(* For every $T\in\mathcal M_{\mathcal G,\Gamma}$, the map $U\mapsto U^{-1}TU$ from $\mathcal A$ (with the weak topology) to $\mathcal M_{\mathcal G,\Gamma}$ (with the topology of the metric $\mathrm m_{\mathcal G,\Gamma}$) is continuous.
   Context: $(X,\Sigma,\mu)$ is a separable Lebesgue space with a non-atomic probability measure $\mu$. $\mathcal A$ is the group of invertible measure-preserving transformations of $X$, two transformations being identified if they agree outside a null set. Fix a countable family $\{A_i\}_{i\in\mathbb N}\subset\Sigma$ that generates $\Sigma$ and is dense in $\Sigma$ (for every $A\in\Sigma$ and $\varepsilon>0$ there is $i$ with $\mu(A_i\triangle A)<\varepsilon$). For $T,S\in\mathcal A$ put $\mathrm d(T,S)=\sum_{i}2^{-i}\big(\mu(TA_i\triangle SA_i)+\mu(T^{-1}A_i\triangle S^{-1}A_i)\big)$ and $\mathrm a(T,S)=\sum_{i,j}2^{-(i+j)}|\mu(TA_i\cap A_j)-\mu(SA_i\cap A_j)|$; the weak topology on $\mathcal A$ is the topology of $\mathrm d$. $\mathcal G$ is a Hausdorff locally compact group with a countable neighborhood base. Fix an at most countable family $\{K_i\}$ of compact subsets of $\mathcal G$ with nonempty interiors whose union contains a set generating $\mathcal G$. An action of $\mathcal G$ is a family $T=\{T^g\}_{g\in\mathcal G}\subset\mathcal A$ with $T^gT^h=T^{gh}$ for all $g,h$ and such that $g\mapsto\mu(T^gA\cap B)$ is continuous for all $A,B\in\Sigma$. For $U\in\mathcal A$ and an action $T$, $U^{-1}TU$ denotes the action $g\mapsto U^{-1}T^gU$. $\mathrm d_{\mathcal G}(T,S)=\sum_i 2^{-i}\sup_{g\in K_i}\mathrm d(T^g,S^g)$. Let $\Gamma\subset\mathcal G$ be an unbounded subset (not contained in any compact set). An action $T$ is $\Gamma$-mixing if for all $A,B\in\Sigma$ and $\varepsilon>0$ there is a compact $C\subset\mathcal G$ with $|\mu(T^gA\cap B)-\mu(A)\mu(B)|<\varepsilon$ for all $g\in\Gamma\setminus C$. $\mathcal M_{\mathcal G,\Gamma}$ is the set of all $\Gamma$-mixing actions with the leash metric $\mathrm m_{\mathcal G,\Gamma}(T,S)=\mathrm d_{\mathcal G}(T,S)+\sup_{g\in\Gamma}\mathrm a(T^g,S^g)$. *)

theory Defs
  imports "HOL-Probability.Probability"
begin

definition atomless :: "'a measure \<Rightarrow> bool" where
  "atomless M \<longleftrightarrow> (\<forall>A\<in>sets M. measure M A > 0 \<longrightarrow>
      (\<exists>B\<in>sets M. B \<subseteq> A \<and> 0 < measure M B \<and> measure M B < measure M A))"

definition generating_dense_family :: "'a measure \<Rightarrow> (nat \<Rightarrow> 'a set) \<Rightarrow> bool" where
  "generating_dense_family M Af \<longleftrightarrow>
     range Af \<subseteq> sets M \<and>
     (\<forall>B\<in>sets M. \<exists>C\<in>sigma_sets (space M) (range Af). B \<subseteq> space M \<and>
         measure M ((B - C) \<union> (C - B)) = 0 \<and> (B - C) \<union> (C - B) \<in> sets M) \<and>
     (\<forall>B\<in>sets M. \<forall>e>0. \<exists>i. measure M ((Af i - B) \<union> (B - Af i)) < e)"

definition meas_pres :: "'a measure \<Rightarrow> ('a \<Rightarrow> 'a) \<Rightarrow> bool" where
  "meas_pres M T \<longleftrightarrow> T \<in> measurable M M \<and> distr M M T = M"

definition aut :: "'a measure \<Rightarrow> ('a \<Rightarrow> 'a) \<Rightarrow> bool" where
  "aut M T \<longleftrightarrow> bij_betw T (space M) (space M) \<and> meas_pres M T \<and>
      meas_pres M (the_inv_into (space M) T)"

definition ainv :: "'a measure \<Rightarrow> ('a \<Rightarrow> 'a) \<Rightarrow> ('a \<Rightarrow> 'a)" where
  "ainv M T = the_inv_into (space M) T"

definition symd :: "'a set \<Rightarrow> 'a set \<Rightarrow> 'a set" where
  "symd A B = (A - B) \<union> (B - A)"

definition dW :: "'a measure \<Rightarrow> (nat \<Rightarrow> 'a set) \<Rightarrow> ('a \<Rightarrow> 'a) \<Rightarrow> ('a \<Rightarrow> 'a) \<Rightarrow> real" where
  "dW M Af T S = (\<Sum>i. (1/2)^i * (measure M (symd (T ` Af i) (S ` Af i))
      + measure M (symd (ainv M T ` Af i) (ainv M S ` Af i))))"

definition aW :: "'a measure \<Rightarrow> (nat \<Rightarrow> 'a set) \<Rightarrow> ('a \<Rightarrow> 'a) \<Rightarrow> ('a \<Rightarrow> 'a) \<Rightarrow> real" where
  "aW M Af T S = (\<Sum>i. \<Sum>j. (1/2)^(i+j) *
      \<bar>measure M (T ` Af i \<inter> Af j) - measure M (S ` Af i \<inter> Af j)\<bar>)"

inductive_set gen_subgroup :: "'g::group_add set \<Rightarrow> 'g set" for S where
  gen_zero: "0 \<in> gen_subgroup S"
| gen_base: "s \<in> S \<Longrightarrow> s \<in> gen_subgroup S"
| gen_add: "a \<in> gen_subgroup S \<Longrightarrow> b \<in> gen_subgroup S \<Longrightarrow> a + b \<in> gen_subgroup S"
| gen_uminus: "a \<in> gen_subgroup S \<Longrightarrow> - a \<in> gen_subgroup S"

definition admissible_compacts :: "nat set \<Rightarrow> (nat \<Rightarrow> 'g::{topological_group_add} set) \<Rightarrow> bool" where
  "admissible_compacts I K \<longleftrightarrow> (\<forall>i\<in>I. compact (K i) \<and> interior (K i) \<noteq> {}) \<and>
     (\<exists>S. S \<subseteq> (\<Union>i\<in>I. K i) \<and> gen_subgroup S = UNIV)"

definition is_action :: "'a measure \<Rightarrow> ('g::topological_group_add \<Rightarrow> 'a \<Rightarrow> 'a) \<Rightarrow> bool" where
  "is_action M T \<longleftrightarrow> (\<forall>g. aut M (T g)) \<and>
     (\<forall>g h. AE x in M. T g (T h x) = T (g + h) x) \<and>
     (\<forall>A\<in>sets M. \<forall>B\<in>sets M. continuous_on UNIV (\<lambda>g. measure M (T g ` A \<inter> B)))"

definition conj_action :: "'a measure \<Rightarrow> ('a \<Rightarrow> 'a) \<Rightarrow> ('g \<Rightarrow> 'a \<Rightarrow> 'a) \<Rightarrow> ('g \<Rightarrow> 'a \<Rightarrow> 'a)" where
  "conj_action M U T = (\<lambda>g. ainv M U \<circ> T g \<circ> U)"

definition dG :: "'a measure \<Rightarrow> (nat \<Rightarrow> 'a set) \<Rightarrow> nat set \<Rightarrow> (nat \<Rightarrow> 'g set)
    \<Rightarrow> ('g \<Rightarrow> 'a \<Rightarrow> 'a) \<Rightarrow> ('g \<Rightarrow> 'a \<Rightarrow> 'a) \<Rightarrow> real" where
  "dG M Af I K T S = (\<Sum>i. if i \<in> I then (1/2)^i * (SUP g\<in>K i. dW M Af (T g) (S g)) else 0)"

definition mixing :: "'a measure \<Rightarrow> 'g::topological_group_add set \<Rightarrow> ('g \<Rightarrow> 'a \<Rightarrow> 'a) \<Rightarrow> bool" where
  "mixing M \<Gamma> T \<longleftrightarrow> (\<forall>A\<in>sets M. \<forall>B\<in>sets M. \<forall>e>0. \<exists>C. compact C \<and>
      (\<forall>g\<in>\<Gamma> - C. \<bar>measure M (T g ` A \<inter> B) - measure M A * measure M B\<bar> < e))"

definition mixing_actions :: "'a measure \<Rightarrow> 'g::topological_group_add set \<Rightarrow> ('g \<Rightarrow> 'a \<Rightarrow> 'a) set" where
  "mixing_actions M \<Gamma> = {T. is_action M T \<and> mixing M \<Gamma> T}"

definition leash :: "'a measure \<Rightarrow> (nat \<Rightarrow> 'a set) \<Rightarrow> nat set \<Rightarrow> (nat \<Rightarrow> 'g set) \<Rightarrow> 'g set
    \<Rightarrow> ('g \<Rightarrow> 'a \<Rightarrow> 'a) \<Rightarrow> ('g \<Rightarrow> 'a \<Rightarrow> 'a) \<Rightarrow> real" where
  "leash M Af I K \<Gamma> T S = dG M Af I K T S + (SUP g\<in>\<Gamma>. aW M Af (T g) (S g))"

end

theory Submission
  imports Defs
begin

text \<open>
  Conjugation by \<open>U\<close> preserves mixing because \<open>U\<close> is measure preserving:
  \<open>\<mu>(U\<inverse>T\<^sup>gU A \<inter> B) = \<mu>(T\<^sup>g UA \<inter> UB)\<close>.
  For continuity, the \<open>a\<close>-part of the leash metric is even Lipschitz in \<open>U\<close>, uniformly in \<open>g\<close>,
  since \<open>|\<mu>(T\<^sup>g UA\<^sub>i \<inter> UA\<^sub>j) - \<mu>(T\<^sup>g VA\<^sub>i \<inter> VA\<^sub>j)| \<le> \<mu>(UA\<^sub>i \<triangle> VA\<^sub>i) + \<mu>(UA\<^sub>j \<triangle> VA\<^sub>j)\<close>.
  In the \<open>d\<^sub>\<G>\<close>-part only finitely many \<open>K\<^sub>i\<close> and \<open>A\<^sub>j\<close> matter up to a small error.
  On a compact \<open>K\<close> the sets \<open>T\<^sup>g UA\<^sub>j\<close> and \<open>(T\<^sup>g)\<inverse> UA\<^sub>j\<close>, \<open>g \<in> K\<close>, form a totally bounded
  family (\<open>g \<mapsto> T\<^sup>g\<close> is weakly continuous), so they are uniformly approximated by finitely
  many \<open>A\<^sub>k\<close>, and each of these is moved little by \<open>V\<inverse>\<close> when \<open>V\<close> is close to \<open>U\<close>.
\<close>

section \<open>Series with weights \<open>2\<^sup>-\<^sup>i\<close>\<close>

lemma summable_weighted_halves:
  fixes f :: "nat \<Rightarrow> real"
  assumes "\<And>i. 0 \<le> f i" "\<And>i. f i \<le> c"
  shows "summable (\<lambda>i. (1/2)^i * f i)"
proof (rule summable_comparison_test')
  show "summable (\<lambda>i. (1/2::real)^i * c)" by (intro summable_mult2 summable_geometric) auto
qed (use assms in \<open>auto intro!: mult_left_mono\<close>)

lemma weighted_halves_le_suminf:
  fixes f :: "nat \<Rightarrow> real"
  assumes "\<And>i. 0 \<le> f i" "\<And>i. f i \<le> c"
  shows "(1/2)^k * f k \<le> (\<Sum>i. (1/2)^i * f i)"
  using sum_le_suminf[OF summable_weighted_halves[OF assms], of "{k}"] assms by auto

lemma suminf_weighted_halves_le:
  fixes f :: "nat \<Rightarrow> real"
  assumes "\<And>i. 0 \<le> f i" "\<And>i. f i \<le> c"
  shows "(\<Sum>i. (1/2)^i * f i) \<le> 2 * c"
proof -
  have "(\<Sum>i. (1/2)^i * f i) \<le> (\<Sum>i. (1/2::real)^i * c)"
    by (intro suminf_le summable_weighted_halves[OF assms] summable_mult2 summable_geometric)
       (use assms in \<open>auto intro!: mult_left_mono\<close>)
  also have "\<dots> = 2 * c" using suminf_geometric[of "1/2::real"] by (simp add: suminf_mult2[symmetric])
  finally show ?thesis .
qed

lemma suminf_weighted_halves_nonneg:
  fixes f :: "nat \<Rightarrow> real"
  assumes "\<And>i. 0 \<le> f i" "\<And>i. f i \<le> c"
  shows "0 \<le> (\<Sum>i. (1/2)^i * f i)"
  by (intro suminf_nonneg summable_weighted_halves[OF assms]) (use assms in auto)

lemma suminf_weighted_halves_le_initial:
  fixes f :: "nat \<Rightarrow> real"
  assumes "\<And>i. 0 \<le> f i" "\<And>i. f i \<le> c" "\<And>i. i < J \<Longrightarrow> f i \<le> a" "0 \<le> a"
  shows "(\<Sum>i. (1/2)^i * f i) \<le> 2 * a + 2 * c * (1/2)^J"
proof -
  have "(\<Sum>i. (1/2)^i * f i) = (\<Sum>n. (1/2)^(n+J) * f (n+J)) + (\<Sum>i<J. (1/2)^i * f i)"
    by (rule suminf_split_initial_segment[OF summable_weighted_halves[OF assms(1,2)]])
  also have "(\<Sum>n. (1/2::real)^(n+J) * f (n+J)) = (1/2)^J * (\<Sum>n. (1/2)^n * f (n+J))"
    by (subst suminf_mult[symmetric])
       (use summable_weighted_halves[of "\<lambda>n. f (n+J)"] assms in \<open>auto simp: power_add algebra_simps\<close>)
  also have "\<dots> \<le> (1/2)^J * (2 * c)"
    by (intro mult_left_mono suminf_weighted_halves_le) (use assms in auto)
  also have "(\<Sum>i<J. (1/2::real)^i * f i) \<le> (\<Sum>i<J. (1/2)^i * a)"
    by (intro sum_mono mult_left_mono) (use assms in auto)
  also have "\<dots> \<le> (\<Sum>i. (1/2)^i * a)"
    by (intro sum_le_suminf summable_weighted_halves[of "\<lambda>_. a" a]) (use assms in auto)
  also have "\<dots> \<le> 2 * a" using suminf_weighted_halves_le[of "\<lambda>_. a" a] assms by auto
  finally show ?thesis by (simp add: algebra_simps)
qed

lemma double_suminf_weighted_halves_le:
  fixes x :: "nat \<Rightarrow> nat \<Rightarrow> real"
  assumes x: "\<And>i j. 0 \<le> x i j" "\<And>i j. x i j \<le> a i + a j" and a: "\<And>i. 0 \<le> a i" "\<And>i. a i \<le> 1"
  shows "(\<Sum>i. \<Sum>j. (1/2)^(i+j) * x i j) \<le> 4 * (\<Sum>i. (1/2)^i * a i)"
proof -
  define D where "D = (\<Sum>i. (1/2::real)^i * a i)"
  have sa: "summable (\<lambda>i. (1/2::real)^i * a i)" using summable_weighted_halves a by blast
  have geom: "summable (\<lambda>i. (1/2::real)^i)" "(\<Sum>i. (1/2::real)^i) = 2"
    using suminf_geometric[of "1/2::real"] summable_geometric[of "1/2::real"] by auto
  have x2: "x i j \<le> 2" for i j using x(2)[of i j] a(2)[of i] a(2)[of j] by linarith
  have sx: "summable (\<lambda>j. (1/2::real)^j * x i j)" for i
    using summable_weighted_halves[of "x i" 2] x(1) x2 by blast
  have row_eq: "(\<Sum>j. (1/2::real)^(i+j) * x i j) = (1/2)^i * (\<Sum>j. (1/2)^j * x i j)" for i
    by (subst suminf_mult[symmetric]) (use sx in \<open>auto simp: power_add algebra_simps\<close>)
  have row_le: "(\<Sum>j. (1/2)^(i+j) * x i j) \<le> (1/2)^i * (2 * a i + D)" for i
  proof -
    have "(\<Sum>j. (1/2::real)^j * x i j) \<le> (\<Sum>j. (1/2)^j * (a i + a j))"
      by (intro suminf_le sx summable_weighted_halves[of _ 2] mult_left_mono x)
         (use a add_mono[OF a(2) a(2)] in auto)
    also have "\<dots> = (\<Sum>j. a i * (1/2)^j + (1/2)^j * a j)"
      by (simp add: algebra_simps)
    also have "\<dots> = 2 * a i + D"
      unfolding D_def using suminf_mult[OF geom(1), of "a i"] geom(2)
      by (subst suminf_add[symmetric]) (auto intro!: summable_mult geom sa)
    finally show ?thesis unfolding row_eq by (simp add: mult_left_mono)
  qed
  have row_nonneg: "0 \<le> (\<Sum>j. (1/2::real)^(i+j) * x i j)" for i
    unfolding row_eq by (intro mult_nonneg_nonneg suminf_nonneg sx) (use x in auto)
  have split: "(\<lambda>i. (1/2::real)^i * (2 * a i + D)) = (\<lambda>i. 2 * ((1/2)^i * a i) + D * (1/2)^i)"
    by (simp add: algebra_simps)
  have sD: "summable (\<lambda>i. (1/2::real)^i * (2 * a i + D))"
    unfolding split by (intro summable_add summable_mult sa geom)
  have "(\<Sum>i. \<Sum>j. (1/2)^(i+j) * x i j) \<le> (\<Sum>i. (1/2::real)^i * (2 * a i + D))"
    by (intro suminf_le row_le sD summable_comparison_test'[OF sD]) (use row_le row_nonneg in auto)
  also have "\<dots> = 4 * D"
    unfolding split using suminf_mult[OF sa, of 2] suminf_mult[OF geom(1), of D] geom(2)
    by (subst suminf_add[symmetric]) (auto intro!: summable_mult sa geom simp: D_def)
  finally show ?thesis unfolding D_def .
qed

· · · · · · ·

The problem:
Check each line of the material for "thesis" and report how many have it. Add no other words.

Solution below:
4